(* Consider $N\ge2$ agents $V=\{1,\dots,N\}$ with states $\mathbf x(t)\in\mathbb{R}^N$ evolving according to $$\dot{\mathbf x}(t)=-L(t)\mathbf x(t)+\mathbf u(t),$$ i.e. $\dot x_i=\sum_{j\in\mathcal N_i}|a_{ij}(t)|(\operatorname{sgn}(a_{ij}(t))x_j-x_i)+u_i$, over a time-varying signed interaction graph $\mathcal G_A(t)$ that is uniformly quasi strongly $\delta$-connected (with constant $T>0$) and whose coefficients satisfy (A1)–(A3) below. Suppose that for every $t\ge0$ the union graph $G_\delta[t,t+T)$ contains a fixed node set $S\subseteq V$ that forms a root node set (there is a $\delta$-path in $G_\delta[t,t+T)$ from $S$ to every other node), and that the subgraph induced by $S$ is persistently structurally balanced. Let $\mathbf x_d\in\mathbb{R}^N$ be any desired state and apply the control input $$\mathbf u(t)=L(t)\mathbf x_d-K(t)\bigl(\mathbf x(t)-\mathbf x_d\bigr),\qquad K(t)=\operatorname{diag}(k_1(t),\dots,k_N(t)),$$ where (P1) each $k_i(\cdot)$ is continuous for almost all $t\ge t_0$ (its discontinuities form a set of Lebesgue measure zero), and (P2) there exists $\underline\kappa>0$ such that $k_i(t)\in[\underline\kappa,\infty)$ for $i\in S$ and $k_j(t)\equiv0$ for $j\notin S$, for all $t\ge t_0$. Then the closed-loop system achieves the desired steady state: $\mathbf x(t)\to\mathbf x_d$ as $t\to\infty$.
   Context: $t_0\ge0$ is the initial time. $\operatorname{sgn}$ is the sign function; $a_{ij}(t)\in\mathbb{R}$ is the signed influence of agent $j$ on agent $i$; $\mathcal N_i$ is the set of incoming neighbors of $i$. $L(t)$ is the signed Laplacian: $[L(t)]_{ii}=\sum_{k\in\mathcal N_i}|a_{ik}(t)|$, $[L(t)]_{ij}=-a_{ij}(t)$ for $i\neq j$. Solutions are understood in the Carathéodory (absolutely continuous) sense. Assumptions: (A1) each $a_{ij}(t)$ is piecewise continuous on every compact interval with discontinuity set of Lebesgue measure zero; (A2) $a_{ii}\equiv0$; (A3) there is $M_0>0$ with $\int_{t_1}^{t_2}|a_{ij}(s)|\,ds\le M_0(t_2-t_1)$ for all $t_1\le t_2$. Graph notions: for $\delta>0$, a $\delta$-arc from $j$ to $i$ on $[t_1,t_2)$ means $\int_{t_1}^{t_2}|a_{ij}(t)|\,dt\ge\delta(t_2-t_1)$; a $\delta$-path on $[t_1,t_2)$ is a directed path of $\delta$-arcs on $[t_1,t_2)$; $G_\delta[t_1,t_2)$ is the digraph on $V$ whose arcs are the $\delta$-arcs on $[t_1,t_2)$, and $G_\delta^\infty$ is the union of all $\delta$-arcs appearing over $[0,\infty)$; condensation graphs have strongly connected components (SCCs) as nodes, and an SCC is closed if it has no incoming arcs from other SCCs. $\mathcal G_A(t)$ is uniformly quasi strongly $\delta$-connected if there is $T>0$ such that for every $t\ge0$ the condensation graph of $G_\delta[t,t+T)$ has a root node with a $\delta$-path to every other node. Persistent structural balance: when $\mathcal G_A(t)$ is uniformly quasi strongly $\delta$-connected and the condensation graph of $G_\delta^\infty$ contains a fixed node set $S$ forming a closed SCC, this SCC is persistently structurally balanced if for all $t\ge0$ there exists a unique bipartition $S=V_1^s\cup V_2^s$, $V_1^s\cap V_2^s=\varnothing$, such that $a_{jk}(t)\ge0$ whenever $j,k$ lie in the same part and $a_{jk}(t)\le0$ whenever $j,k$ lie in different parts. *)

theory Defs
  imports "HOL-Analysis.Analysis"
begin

· · ·

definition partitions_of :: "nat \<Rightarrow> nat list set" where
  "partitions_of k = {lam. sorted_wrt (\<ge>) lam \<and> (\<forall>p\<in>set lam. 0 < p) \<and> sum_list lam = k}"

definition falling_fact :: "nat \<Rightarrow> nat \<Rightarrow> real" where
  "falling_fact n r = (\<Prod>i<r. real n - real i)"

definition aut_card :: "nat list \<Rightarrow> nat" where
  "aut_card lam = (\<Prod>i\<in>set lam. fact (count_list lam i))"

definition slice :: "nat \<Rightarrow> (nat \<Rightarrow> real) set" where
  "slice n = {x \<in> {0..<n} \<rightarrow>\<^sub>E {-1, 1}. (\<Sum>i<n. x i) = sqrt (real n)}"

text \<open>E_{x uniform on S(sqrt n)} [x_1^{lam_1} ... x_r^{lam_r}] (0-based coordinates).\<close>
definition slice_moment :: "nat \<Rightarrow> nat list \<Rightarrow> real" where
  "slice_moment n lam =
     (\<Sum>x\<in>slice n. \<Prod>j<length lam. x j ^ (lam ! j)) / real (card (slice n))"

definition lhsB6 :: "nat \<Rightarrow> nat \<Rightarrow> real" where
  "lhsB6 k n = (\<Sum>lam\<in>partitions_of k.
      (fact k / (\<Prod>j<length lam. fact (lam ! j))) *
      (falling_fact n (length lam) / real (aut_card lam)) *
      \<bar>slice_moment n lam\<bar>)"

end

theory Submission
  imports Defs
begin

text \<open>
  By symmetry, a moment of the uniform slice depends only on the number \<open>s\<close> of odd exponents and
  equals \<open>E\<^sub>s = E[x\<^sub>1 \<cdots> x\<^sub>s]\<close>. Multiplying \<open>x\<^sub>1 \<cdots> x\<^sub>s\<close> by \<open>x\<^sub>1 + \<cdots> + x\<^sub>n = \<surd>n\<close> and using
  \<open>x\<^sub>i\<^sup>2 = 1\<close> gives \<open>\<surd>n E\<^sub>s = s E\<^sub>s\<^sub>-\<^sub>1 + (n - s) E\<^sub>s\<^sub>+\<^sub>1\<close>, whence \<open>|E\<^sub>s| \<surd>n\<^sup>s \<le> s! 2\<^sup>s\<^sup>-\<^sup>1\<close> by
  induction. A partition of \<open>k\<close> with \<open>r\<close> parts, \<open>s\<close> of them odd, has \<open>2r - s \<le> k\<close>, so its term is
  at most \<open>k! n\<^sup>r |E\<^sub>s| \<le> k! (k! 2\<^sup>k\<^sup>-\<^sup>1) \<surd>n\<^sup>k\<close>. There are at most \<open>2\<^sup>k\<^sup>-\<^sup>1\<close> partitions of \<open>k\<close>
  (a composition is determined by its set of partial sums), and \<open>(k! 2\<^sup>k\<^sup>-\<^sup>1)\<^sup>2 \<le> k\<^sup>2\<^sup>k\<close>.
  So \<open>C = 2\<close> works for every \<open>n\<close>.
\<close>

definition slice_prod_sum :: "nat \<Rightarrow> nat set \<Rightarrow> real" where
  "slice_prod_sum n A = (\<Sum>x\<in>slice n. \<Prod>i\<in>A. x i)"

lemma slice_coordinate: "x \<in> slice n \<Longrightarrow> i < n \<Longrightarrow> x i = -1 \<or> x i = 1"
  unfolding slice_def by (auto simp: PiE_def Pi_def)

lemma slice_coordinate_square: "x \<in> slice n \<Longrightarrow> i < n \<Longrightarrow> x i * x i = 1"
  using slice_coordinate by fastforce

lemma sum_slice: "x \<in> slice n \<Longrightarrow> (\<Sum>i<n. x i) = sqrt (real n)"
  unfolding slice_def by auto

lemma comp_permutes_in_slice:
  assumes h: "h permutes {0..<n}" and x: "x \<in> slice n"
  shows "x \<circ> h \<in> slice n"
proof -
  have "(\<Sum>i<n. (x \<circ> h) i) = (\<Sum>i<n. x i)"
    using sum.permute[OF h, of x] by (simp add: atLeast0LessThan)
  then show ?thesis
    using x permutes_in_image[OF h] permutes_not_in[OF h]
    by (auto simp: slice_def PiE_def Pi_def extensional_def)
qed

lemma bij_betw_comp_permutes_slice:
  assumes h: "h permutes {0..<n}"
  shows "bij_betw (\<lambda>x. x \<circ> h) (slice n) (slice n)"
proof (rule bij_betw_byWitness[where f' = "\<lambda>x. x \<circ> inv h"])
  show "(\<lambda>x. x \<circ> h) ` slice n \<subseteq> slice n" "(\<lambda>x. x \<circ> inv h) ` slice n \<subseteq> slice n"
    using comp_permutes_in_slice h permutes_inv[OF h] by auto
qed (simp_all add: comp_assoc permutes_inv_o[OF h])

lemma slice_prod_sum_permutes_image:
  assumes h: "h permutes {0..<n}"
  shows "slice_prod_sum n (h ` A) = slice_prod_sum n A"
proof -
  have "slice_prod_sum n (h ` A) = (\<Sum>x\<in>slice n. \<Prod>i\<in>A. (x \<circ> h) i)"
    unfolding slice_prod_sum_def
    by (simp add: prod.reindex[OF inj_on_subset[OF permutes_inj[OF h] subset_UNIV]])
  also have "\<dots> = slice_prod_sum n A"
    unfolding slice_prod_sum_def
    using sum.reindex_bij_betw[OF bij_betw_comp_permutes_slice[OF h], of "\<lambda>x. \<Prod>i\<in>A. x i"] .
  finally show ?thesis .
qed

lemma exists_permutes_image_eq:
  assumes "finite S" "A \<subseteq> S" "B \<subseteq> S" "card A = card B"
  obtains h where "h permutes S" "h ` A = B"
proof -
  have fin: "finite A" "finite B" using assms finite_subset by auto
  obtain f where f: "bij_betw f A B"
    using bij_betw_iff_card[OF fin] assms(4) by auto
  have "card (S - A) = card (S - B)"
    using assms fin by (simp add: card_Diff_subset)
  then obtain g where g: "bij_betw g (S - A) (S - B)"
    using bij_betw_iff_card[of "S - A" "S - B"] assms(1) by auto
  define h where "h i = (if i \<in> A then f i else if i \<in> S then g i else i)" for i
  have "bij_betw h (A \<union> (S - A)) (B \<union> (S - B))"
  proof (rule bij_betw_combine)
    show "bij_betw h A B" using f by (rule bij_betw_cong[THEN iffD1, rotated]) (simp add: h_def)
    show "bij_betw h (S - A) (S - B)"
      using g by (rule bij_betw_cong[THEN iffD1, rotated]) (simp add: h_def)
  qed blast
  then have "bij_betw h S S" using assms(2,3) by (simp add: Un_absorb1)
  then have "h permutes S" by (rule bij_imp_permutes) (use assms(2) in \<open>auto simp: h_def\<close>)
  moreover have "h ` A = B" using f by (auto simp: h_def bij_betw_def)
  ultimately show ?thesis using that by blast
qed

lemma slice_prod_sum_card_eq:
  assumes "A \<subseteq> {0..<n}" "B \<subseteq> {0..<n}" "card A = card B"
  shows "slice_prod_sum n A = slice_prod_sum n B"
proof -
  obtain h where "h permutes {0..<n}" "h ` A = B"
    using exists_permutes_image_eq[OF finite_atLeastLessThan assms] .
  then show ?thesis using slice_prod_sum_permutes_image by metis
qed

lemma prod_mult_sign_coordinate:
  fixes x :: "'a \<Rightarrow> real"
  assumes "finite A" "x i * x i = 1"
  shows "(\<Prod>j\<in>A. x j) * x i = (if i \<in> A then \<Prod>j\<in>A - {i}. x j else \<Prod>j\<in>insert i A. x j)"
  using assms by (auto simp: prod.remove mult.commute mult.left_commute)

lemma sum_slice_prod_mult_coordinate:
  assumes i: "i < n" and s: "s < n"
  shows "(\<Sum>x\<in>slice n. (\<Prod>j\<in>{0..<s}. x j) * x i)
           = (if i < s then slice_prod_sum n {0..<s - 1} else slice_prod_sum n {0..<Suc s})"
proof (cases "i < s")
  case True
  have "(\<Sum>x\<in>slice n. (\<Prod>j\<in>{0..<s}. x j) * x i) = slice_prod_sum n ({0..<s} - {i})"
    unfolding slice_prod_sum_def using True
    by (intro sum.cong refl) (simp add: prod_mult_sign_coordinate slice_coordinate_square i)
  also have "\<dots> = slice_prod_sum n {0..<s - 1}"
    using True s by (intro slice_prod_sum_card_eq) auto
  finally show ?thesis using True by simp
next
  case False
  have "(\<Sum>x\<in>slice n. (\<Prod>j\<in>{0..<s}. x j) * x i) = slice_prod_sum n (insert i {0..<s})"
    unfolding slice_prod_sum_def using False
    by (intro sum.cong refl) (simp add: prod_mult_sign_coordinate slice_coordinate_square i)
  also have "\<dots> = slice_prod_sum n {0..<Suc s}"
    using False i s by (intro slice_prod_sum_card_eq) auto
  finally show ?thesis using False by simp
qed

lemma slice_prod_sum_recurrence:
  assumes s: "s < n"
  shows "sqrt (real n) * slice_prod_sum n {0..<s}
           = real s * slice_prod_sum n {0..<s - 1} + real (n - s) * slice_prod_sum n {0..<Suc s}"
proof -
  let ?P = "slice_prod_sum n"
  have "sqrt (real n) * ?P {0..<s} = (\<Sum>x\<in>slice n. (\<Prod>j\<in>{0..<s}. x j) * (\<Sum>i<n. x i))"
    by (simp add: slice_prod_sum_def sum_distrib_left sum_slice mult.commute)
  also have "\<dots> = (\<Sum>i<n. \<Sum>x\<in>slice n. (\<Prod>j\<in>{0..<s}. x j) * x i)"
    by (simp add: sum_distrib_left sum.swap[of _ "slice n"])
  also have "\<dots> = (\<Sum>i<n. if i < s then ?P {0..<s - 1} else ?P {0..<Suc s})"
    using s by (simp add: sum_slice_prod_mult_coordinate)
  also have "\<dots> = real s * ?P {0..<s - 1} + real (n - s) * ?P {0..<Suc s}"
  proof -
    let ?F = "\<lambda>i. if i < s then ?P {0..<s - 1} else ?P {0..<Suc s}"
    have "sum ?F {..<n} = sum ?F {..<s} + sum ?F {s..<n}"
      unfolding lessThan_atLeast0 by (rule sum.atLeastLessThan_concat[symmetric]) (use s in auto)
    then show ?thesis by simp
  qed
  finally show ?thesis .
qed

· · ·

Pick out and copy the lines of the entries that hold the string "intro".

    by (intro sum.cong refl) (simp add: prod_mult_sign_coordinate slice_coordinate_square i)
    using True s by (intro slice_prod_sum_card_eq) auto
    by (intro sum.cong refl) (simp add: prod_mult_sign_coordinate slice_coordinate_square i)
    using False i s by (intro slice_prod_sum_card_eq) auto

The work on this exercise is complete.